[What this task involves] Set down all of the lines below exactly as they are given.

[Supplied records]
>>>
(* Assume (A1) and that $b\in\mathcal C^1_{\mathcal P}(\mathbb R^d\times\mathring\Theta)$. Then the deterministic function $[0,T]\ni s\mapsto X^0_s\in\mathbb R^d$ has bounded variation on $[0,T]$.
   Context: Fix $T>0$, $\alpha\in(1/2,1)$, $K(u)=\frac{u^{\alpha-1}}{\Gamma(\alpha)}\mathbf 1_{u>0}$. Let $\Theta\subset\mathbb R^{d_\Theta}$ be compact and convex with nonempty interior $\mathring\Theta$, $\theta^\star\in\mathring\Theta$, $x_0\in\mathbb R^d$, $a:\mathbb R^d\to\mathbb R^{d\times r}$, $b:\mathbb R^d\times\Theta\to\mathbb R^d$. Assumption (A1): $a$ and $b$ are continuous and there is $C>0$ with $|a(x)-a(x')|\le C|x-x'|$ and $|b(x,\theta)-b(x',\theta)|\le C|x-x'|$ for all $x,x'$, $\theta$. $X^0$ denotes the solution on $[0,T]$ of the deterministic Volterra equation $X^0_t=x_0+\int_0^tK(t-s)b(X^0_s,\theta^\star)\,ds$. For an integer $k\ge1$, $\mathcal C^k_{\mathcal P}(\mathbb R^d\times\mathring\Theta,E)$ is the set of $f:\mathbb R^d\times\mathring\Theta\to E$ ($E$ finite-dimensional) such that all partial derivatives $\partial^{i+j}f/\partial x^i\partial\theta^j$ with $0\le i+j\le k$ exist, are continuous on $\mathbb R^d\times\mathring\Theta$, and satisfy $\sup_{\theta\in\mathring\Theta}\|\partial^{i+j}f(x,\theta)/\partial x^i\partial\theta^j\|\le c(1+|x|^c)$ for some $c>0$. *)

theory Defs
  imports "HOL-Analysis.Analysis"
begin

definition frac_kernel :: "real \<Rightarrow> real \<Rightarrow> real" where
  "frac_kernel \<alpha> u = (if u > 0 then u powr (\<alpha> - 1) / Gamma \<alpha> else 0)"

definition bounded_variation_on ::
  "real \<Rightarrow> real \<Rightarrow> (real \<Rightarrow> 'e::real_normed_vector) \<Rightarrow> bool" where
  "bounded_variation_on a b f \<longleftrightarrow>
     (\<exists>M. \<forall>(n::nat) (t::nat \<Rightarrow> real).
        (\<forall>i\<le>n. t i \<in> {a..b}) \<and> (\<forall>i<n. t i \<le> t (Suc i)) \<longrightarrow>
        (\<Sum>i<n. norm (f (t (Suc i)) - f (t i))) \<le> M)"

definition C1P ::
  "(real^'d \<Rightarrow> real^'k \<Rightarrow> 'e::euclidean_space) \<Rightarrow> (real^'k) set \<Rightarrow> bool" where
  "C1P f U \<longleftrightarrow>
     (\<exists>(Dx :: real^'d \<Rightarrow> real^'k \<Rightarrow> ((real^'d) \<Rightarrow>\<^sub>L 'e))
       (D\<theta> :: real^'d \<Rightarrow> real^'k \<Rightarrow> ((real^'k) \<Rightarrow>\<^sub>L 'e)) (c::real).
        c > 0 \<and>
        (\<forall>x. \<forall>\<theta>\<in>U.
           ((\<lambda>y. f y \<theta>) has_derivative blinfun_apply (Dx x \<theta>)) (at x) \<and>
           ((\<lambda>\<eta>. f x \<eta>) has_derivative blinfun_apply (D\<theta> x \<theta>)) (at \<theta>)) \<and>
        continuous_on (UNIV \<times> U) (\<lambda>(x, \<theta>). f x \<theta>) \<and>
        continuous_on (UNIV \<times> U) (\<lambda>(x, \<theta>). Dx x \<theta>) \<and>
        continuous_on (UNIV \<times> U) (\<lambda>(x, \<theta>). D\<theta> x \<theta>) \<and>
        (\<forall>x. \<forall>\<theta>\<in>U.
           norm (f x \<theta>) \<le> c * (1 + norm x powr c) \<and>
           norm (Dx x \<theta>) \<le> c * (1 + norm x powr c) \<and>
           norm (D\<theta> x \<theta>) \<le> c * (1 + norm x powr c)))"

end

theory Submission
  imports Defs
begin

(* Write the equation as X t = x0 + \<integral>\<^sub>0\<^sup>t K(u) g(t - u) du with g = b(X, \<theta>s), which is
   bounded and Lipschitz in X. For a partition t\<^sub>0 \<le> ... \<le> t\<^sub>n of [0, r], the increment of the
   integrand in t is bounded by the jump of the cutoff 1{u \<le> t} (total mass G \<integral>K) plus C K(u)
   times the increments of X along the partition shifted left by u, which lies in [0, r - u].
   Hence the supremum V(r) of n-step variation sums over [0, r] satisfies
     V(r) \<le> G \<integral>\<^sub>0\<^sup>T K + C V(r) \<integral>\<^sub>0\<^sup>\<delta> K + C V(r - \<delta>) \<integral>\<^sub>0\<^sup>T K.
   Choosing \<delta> with C \<integral>\<^sub>0\<^sup>\<delta> K \<le> 1/2 absorbs the middle term, and iterating the resulting
   delay inequality \<lceil>T/\<delta>\<rceil> times bounds V(T) independently of n. *)

lemma has_integral_reflect_ivl_0:
  fixes f :: "real \<Rightarrow> 'a::real_normed_vector"
  assumes "(f has_integral I) {0..t}"
  shows "((\<lambda>u. f (t - u)) has_integral I) {0..t}"
proof -
  have "((\<lambda>x. f (x + t)) has_integral I) {0-t..t-t}"
    using has_integral_shift_real_ivl[OF assms] .
  then have "((\<lambda>x. f (-x + t)) has_integral I) {-(t-t)..-(0-t)}"
    by (subst has_integral_reflect_real) simp
  then show ?thesis by (simp add: algebra_simps)
qed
<<<
[Solution]
(* Assume (A1) and that $b\in\mathcal C^1_{\mathcal P}(\mathbb R^d\times\mathring\Theta)$. Then the deterministic function $[0,T]\ni s\mapsto X^0_s\in\mathbb R^d$ has bounded variation on $[0,T]$.
   Context: Fix $T>0$, $\alpha\in(1/2,1)$, $K(u)=\frac{u^{\alpha-1}}{\Gamma(\alpha)}\mathbf 1_{u>0}$. Let $\Theta\subset\mathbb R^{d_\Theta}$ be compact and convex with nonempty interior $\mathring\Theta$, $\theta^\star\in\mathring\Theta$, $x_0\in\mathbb R^d$, $a:\mathbb R^d\to\mathbb R^{d\times r}$, $b:\mathbb R^d\times\Theta\to\mathbb R^d$. Assumption (A1): $a$ and $b$ are continuous and there is $C>0$ with $|a(x)-a(x')|\le C|x-x'|$ and $|b(x,\theta)-b(x',\theta)|\le C|x-x'|$ for all $x,x'$, $\theta$. $X^0$ denotes the solution on $[0,T]$ of the deterministic Volterra equation $X^0_t=x_0+\int_0^tK(t-s)b(X^0_s,\theta^\star)\,ds$. For an integer $k\ge1$, $\mathcal C^k_{\mathcal P}(\mathbb R^d\times\mathring\Theta,E)$ is the set of $f:\mathbb R^d\times\mathring\Theta\to E$ ($E$ finite-dimensional) such that all partial derivatives $\partial^{i+j}f/\partial x^i\partial\theta^j$ with $0\le i+j\le k$ exist, are continuous on $\mathbb R^d\times\mathring\Theta$, and satisfy $\sup_{\theta\in\mathring\Theta}\|\partial^{i+j}f(x,\theta)/\partial x^i\partial\theta^j\|\le c(1+|x|^c)$ for some $c>0$. *)

theory Defs
  imports "HOL-Analysis.Analysis"
begin

definition frac_kernel :: "real \<Rightarrow> real \<Rightarrow> real" where
  "frac_kernel \<alpha> u = (if u > 0 then u powr (\<alpha> - 1) / Gamma \<alpha> else 0)"

definition bounded_variation_on ::
  "real \<Rightarrow> real \<Rightarrow> (real \<Rightarrow> 'e::real_normed_vector) \<Rightarrow> bool" where
  "bounded_variation_on a b f \<longleftrightarrow>
     (\<exists>M. \<forall>(n::nat) (t::nat \<Rightarrow> real).
        (\<forall>i\<le>n. t i \<in> {a..b}) \<and> (\<forall>i<n. t i \<le> t (Suc i)) \<longrightarrow>
        (\<Sum>i<n. norm (f (t (Suc i)) - f (t i))) \<le> M)"

definition C1P ::
  "(real^'d \<Rightarrow> real^'k \<Rightarrow> 'e::euclidean_space) \<Rightarrow> (real^'k) set \<Rightarrow> bool" where
  "C1P f U \<longleftrightarrow>
     (\<exists>(Dx :: real^'d \<Rightarrow> real^'k \<Rightarrow> ((real^'d) \<Rightarrow>\<^sub>L 'e))
       (D\<theta> :: real^'d \<Rightarrow> real^'k \<Rightarrow> ((real^'k) \<Rightarrow>\<^sub>L 'e)) (c::real).
        c > 0 \<and>
        (\<forall>x. \<forall>\<theta>\<in>U.
           ((\<lambda>y. f y \<theta>) has_derivative blinfun_apply (Dx x \<theta>)) (at x) \<and>
           ((\<lambda>\<eta>. f x \<eta>) has_derivative blinfun_apply (D\<theta> x \<theta>)) (at \<theta>)) \<and>
        continuous_on (UNIV \<times> U) (\<lambda>(x, \<theta>). f x \<theta>) \<and>
        continuous_on (UNIV \<times> U) (\<lambda>(x, \<theta>). Dx x \<theta>) \<and>
        continuous_on (UNIV \<times> U) (\<lambda>(x, \<theta>). D\<theta> x \<theta>) \<and>
        (\<forall>x. \<forall>\<theta>\<in>U.
           norm (f x \<theta>) \<le> c * (1 + norm x powr c) \<and>
           norm (Dx x \<theta>) \<le> c * (1 + norm x powr c) \<and>
           norm (D\<theta> x \<theta>) \<le> c * (1 + norm x powr c)))"

end

theory Submission
  imports Defs
begin

(* Write the equation as X t = x0 + \<integral>\<^sub>0\<^sup>t K(u) g(t - u) du with g = b(X, \<theta>s), which is
   bounded and Lipschitz in X. For a partition t\<^sub>0 \<le> ... \<le> t\<^sub>n of [0, r], the increment of the
   integrand in t is bounded by the jump of the cutoff 1{u \<le> t} (total mass G \<integral>K) plus C K(u)
   times the increments of X along the partition shifted left by u, which lies in [0, r - u].
   Hence the supremum V(r) of n-step variation sums over [0, r] satisfies
     V(r) \<le> G \<integral>\<^sub>0\<^sup>T K + C V(r) \<integral>\<^sub>0\<^sup>\<delta> K + C V(r - \<delta>) \<integral>\<^sub>0\<^sup>T K.
   Choosing \<delta> with C \<integral>\<^sub>0\<^sup>\<delta> K \<le> 1/2 absorbs the middle term, and iterating the resulting
   delay inequality \<lceil>T/\<delta>\<rceil> times bounds V(T) independently of n. *)

lemma has_integral_reflect_ivl_0:
  fixes f :: "real \<Rightarrow> 'a::real_normed_vector"
  assumes "(f has_integral I) {0..t}"
  shows "((\<lambda>u. f (t - u)) has_integral I) {0..t}"
proof -
  have "((\<lambda>x. f (x + t)) has_integral I) {0-t..t-t}"
    using has_integral_shift_real_ivl[OF assms] .
  then have "((\<lambda>x. f (-x + t)) has_integral I) {-(t-t)..-(0-t)}"
    by (subst has_integral_reflect_real) simp
  then show ?thesis by (simp add: algebra_simps)
qed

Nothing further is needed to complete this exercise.